Muitos pais cometem erros ao transferir imóveis para os filhos, gerando futuros conflitos. Uma advogada lista cláusulas contratuais que podem evitar problemas, como usufruto vitalício e incomunicabilidade. A orientação ajuda a proteger o patrimônio e a harmonia familiar.
Muitos pais, ao doar ou vender um imóvel para os filhos, deixam de incluir cláusulas protetivas no contrato, o que pode gerar disputas familiares e perda de controle sobre o bem. A advogada especialista em direito imobiliário lista cinco cláusulas essenciais: usufruto vitalício, que garante ao doador o direito de morar ou alugar o imóvel até sua morte; incomunicabilidade, que impede que o imóvel se torne parte do patrimônio do cônjuge do filho em caso de divórcio; inalienabilidade, que proíbe a venda do imóvel por prazo determinado; impenhorabilidade, que protege o bem de dívidas; e reversão, que permite ao doador reaver o imóvel se o filho falecer antes dele.
Essas cláusulas, previstas no Código Civil (arts. 1.848 e seguintes), devem ser registradas em cartório para ter validade contra terceiros. Sem elas, o imóvel doado pode ser vendido pelo filho sem o consentimento dos pais, ou ser partilhado em um divórcio, gerando conflitos. A escolha das cláusulas depende dos objetivos da família: preservar o patrimônio, garantir moradia aos pais ou evitar que o bem saia da família.

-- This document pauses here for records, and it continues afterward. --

definition msupp :: "'a::topological_space measure \<Rightarrow> 'a set" where
  "msupp \<mu> = {x. \<forall>U. open U \<and> x \<in> U \<longrightarrow> emeasure \<mu> U > 0}"

definition W_set :: "real \<Rightarrow> (real^'n::finite) set" where
  "W_set u = {y. infinite {q :: int^'n. \<exists>p::int.
        \<bar>y \<bullet> real_vec q + real_of_int p\<bar> < norm (real_vec q) powr (- u)}}"

end

(*
  If the condition fails for some d > c, then for arbitrarily large t there is a primitive
  subgroup Gamma with covol(g_t u_y Gamma) < exp(-rk(Gamma) d t) simultaneously for all
  y = f x, x in the support of mu. Minkowski's theorem in the real span of Gamma then gives a
  nonzero z = (p, q) in Gamma with |g_t u_y z| < C exp(-d t), that is
  |y.q + p| < C exp(-(1 + d) t) and |q| < C exp((1/n - d) t). Because d > c, eliminating t
  shows that these approximations have quality |q|^(-u) for some u > v, and letting t grow
  produces infinitely many of them, so y lies in W_u.
*)
theory Submission
  imports Defs
begin

lemma real_vec_add: "real_vec (a + b) = real_vec a + real_vec b"
  and real_vec_diff: "real_vec (a - b) = real_vec a - real_vec b"
  and real_vec_zero: "real_vec 0 = 0"
  and real_vec_smult: "real_vec (c *s a) = of_int c *\<^sub>R real_vec a"
  and real_vec_component: "real_vec a $ i = of_int (a $ i)"
  by (simp_all add: real_vec_def vec_eq_iff)

lemma real_vec_sum: "real_vec (\<Sum>i\<in>A. f i) = (\<Sum>i\<in>A. real_vec (f i))"
  by (induction A rule: infinite_finite_induct) (simp_all add: real_vec_zero real_vec_add)

lemma inj_real_vec: "inj real_vec"
  by (rule injI) (simp add: real_vec_def vec_eq_iff)

lemma real_vec_eq_0_iff [simp]: "real_vec a = 0 \<longleftrightarrow> a = 0"
  by (metis inj_real_vec real_vec_zero injD)

section \<open>Lattice points in symmetric convex bodies\<close>

lemma finite_bounded_int_vecs: "finite {m :: int^'k::finite. \<forall>j. \<bar>m $ j\<bar> \<le> N}"
proof -
  have "{m :: int^'k. \<forall>j. \<bar>m $ j\<bar> \<le> N} = vec_nth -` (UNIV \<rightarrow>\<^sub>E {-N..N})"
    by (auto simp: PiE_iff abs_le_iff minus_le_iff)
  moreover have "finite (vec_nth -` (UNIV \<rightarrow>\<^sub>E {-N..N}) :: (int^'k) set)"
    by (rule finite_vimageI) (auto intro: finite_PiE simp: inj_on_def vec_nth_inject)
  ultimately show ?thesis
    by simp
qed

lemma blichfeldt:
  fixes S :: "(real^'k::finite) set"
  assumes "bounded S" and "S \<in> sets lebesgue" and "measure lebesgue S > 1"
  shows "\<exists>x\<in>S. \<exists>y\<in>S. x \<noteq> y \<and> (\<forall>j. (x - y) $ j \<in> \<int>)"
proof (rule ccontr)
  assume no_pair: "\<not> ?thesis"
  define fl :: "real^'k \<Rightarrow> int^'k" where "fl x = (\<chi> j. \<lfloor>x $ j\<rfloor>)" for x
  define cell where "cell m = S \<inter> fl -` {m}" for m
  define piece where "piece m = (\<lambda>x. x - real_vec m) ` cell m" for m
  obtain B where B: "\<And>x. x \<in> S \<Longrightarrow> norm x \<le> B"
    using assms(1) bounded_iff by blast
  have "fl ` S \<subseteq> {m. \<forall>j. \<bar>m $ j\<bar> \<le> \<lceil>B\<rceil>}"
  proof clarify
    fix x j assume "x \<in> S"
    then have "\<bar>x $ j\<bar> \<le> B"
      using B component_le_norm_cart order_trans by blast
    then show "\<bar>fl x $ j\<bar> \<le> \<lceil>B\<rceil>"
      unfolding fl_def by (simp add: abs_le_iff) (linarith)
  qed
  then have fin: "finite (fl ` S)"
    using finite_bounded_int_vecs finite_subset by blast
  have cell_meas: "cell m \<in> lmeasurable" for m
  proof (rule bounded_set_imp_lmeasurable)
    show "bounded (cell m)"
      using assms(1) by (rule bounded_subset) (auto simp: cell_def)
    have "fl -` {m} = {x. \<forall>j. \<lfloor>x $ j\<rfloor> = m $ j}"
      by (auto simp: fl_def vec_eq_iff)
    also have "\<dots> \<in> sets borel"
      by measurable
    finally have "fl -` {m} \<in> sets lebesgue"
      by (simp add: sets_completionI_sets)
    then show "cell m \<in> sets lebesgue"
      using assms(2) by (simp add: cell_def sets.Int)
  qed
  then have piece_meas: "piece m \<in> lmeasurable" for m
    by (simp add: piece_def measurable_translation_subtract)
  have "a = b" if xa: "x \<in> piece a" and xb: "x \<in> piece b" for a b x
  proof -
    obtain p p' where "p \<in> S" "p' \<in> S" and a: "a = fl p" and b: "b = fl p'"
      and "x = p - real_vec a" "x = p' - real_vec b"
      using xa xb unfolding piece_def cell_def by blast
    then have "p - p' = real_vec (a - b)"
      by (simp add: real_vec_diff algebra_simps)
    then have "\<forall>j. (p - p') $ j \<in> \<int>"
      by (simp add: real_vec_component)
    then have "p = p'"
      using no_pair \<open>p \<in> S\<close> \<open>p' \<in> S\<close> by blast
    then show "a = b"
      by (simp add: a b)
  qed
  then have disjoint: "pairwise (\<lambda>a b. disjnt (piece a) (piece b)) (fl ` S)"
    by (auto simp: pairwise_def disjnt_def)
  have "measure lebesgue S \<le> (\<Sum>m\<in>fl ` S. measure lebesgue (cell m))"
  proof -
    have "S = (\<Union>m\<in>fl ` S. cell m)"
      by (auto simp: cell_def)
    moreover have "measure lebesgue (\<Union>m\<in>fl ` S. cell m) \<le> (\<Sum>m\<in>fl ` S. measure lebesgue (cell m))"
      using fin cell_meas by (intro measure_UNION_le) (auto simp: fmeasurable_def)
    ultimately show ?thesis
      by simp
  qed
  also have "\<dots> = (\<Sum>m\<in>fl ` S. measure lebesgue (piece m))"
    by (simp add: piece_def measure_translation_subtract)
  also have "\<dots> = measure lebesgue (\<Union>m\<in>fl ` S. piece m)"
    using fin piece_meas disjoint by (intro measure_UNION'[symmetric]) auto
  also have "\<dots> \<le> measure lebesgue (cbox (0::real^'k) 1)"
  proof (rule measure_mono_fmeasurable)
    have "p - real_vec (fl p) \<in> cbox 0 1" for p
      by (simp add: mem_box_cart fl_def real_vec_component frac_lt_1 less_imp_le flip: frac_def)
    then show "(\<Union>m\<in>fl ` S. piece m) \<subseteq> cbox 0 1"
      by (auto simp: piece_def cell_def) metis
    show "(\<Union>m\<in>fl ` S. piece m) \<in> sets lebesgue"
      using fin piece_meas by (intro sets.finite_UN) (auto simp: fmeasurable_def)
  qed simp
  also have "\<dots> = 1"
  proof -
    have "(0::real^'k) \<in> cbox 0 1"
      by (simp add: mem_box_cart)
    then have "cbox (0::real^'k) 1 \<noteq> {}"
      by blast
    then show ?thesis
      by (simp add: content_cbox_cart)
  qed
  finally show False
    using assms(3) by simp
qed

Para o cidadão comum, a principal lição é que doar um imóvel não é apenas um ato de amor, mas um negócio jurídico com consequências. Antes de transferir a casa, é fundamental consultar um advogado e definir cláusulas que reflitam a vontade dos pais. Isso evita que o imóvel seja perdido para terceiros ou cause brigas entre irmãos. A orientação vale tanto para doações em vida quanto para testamentos.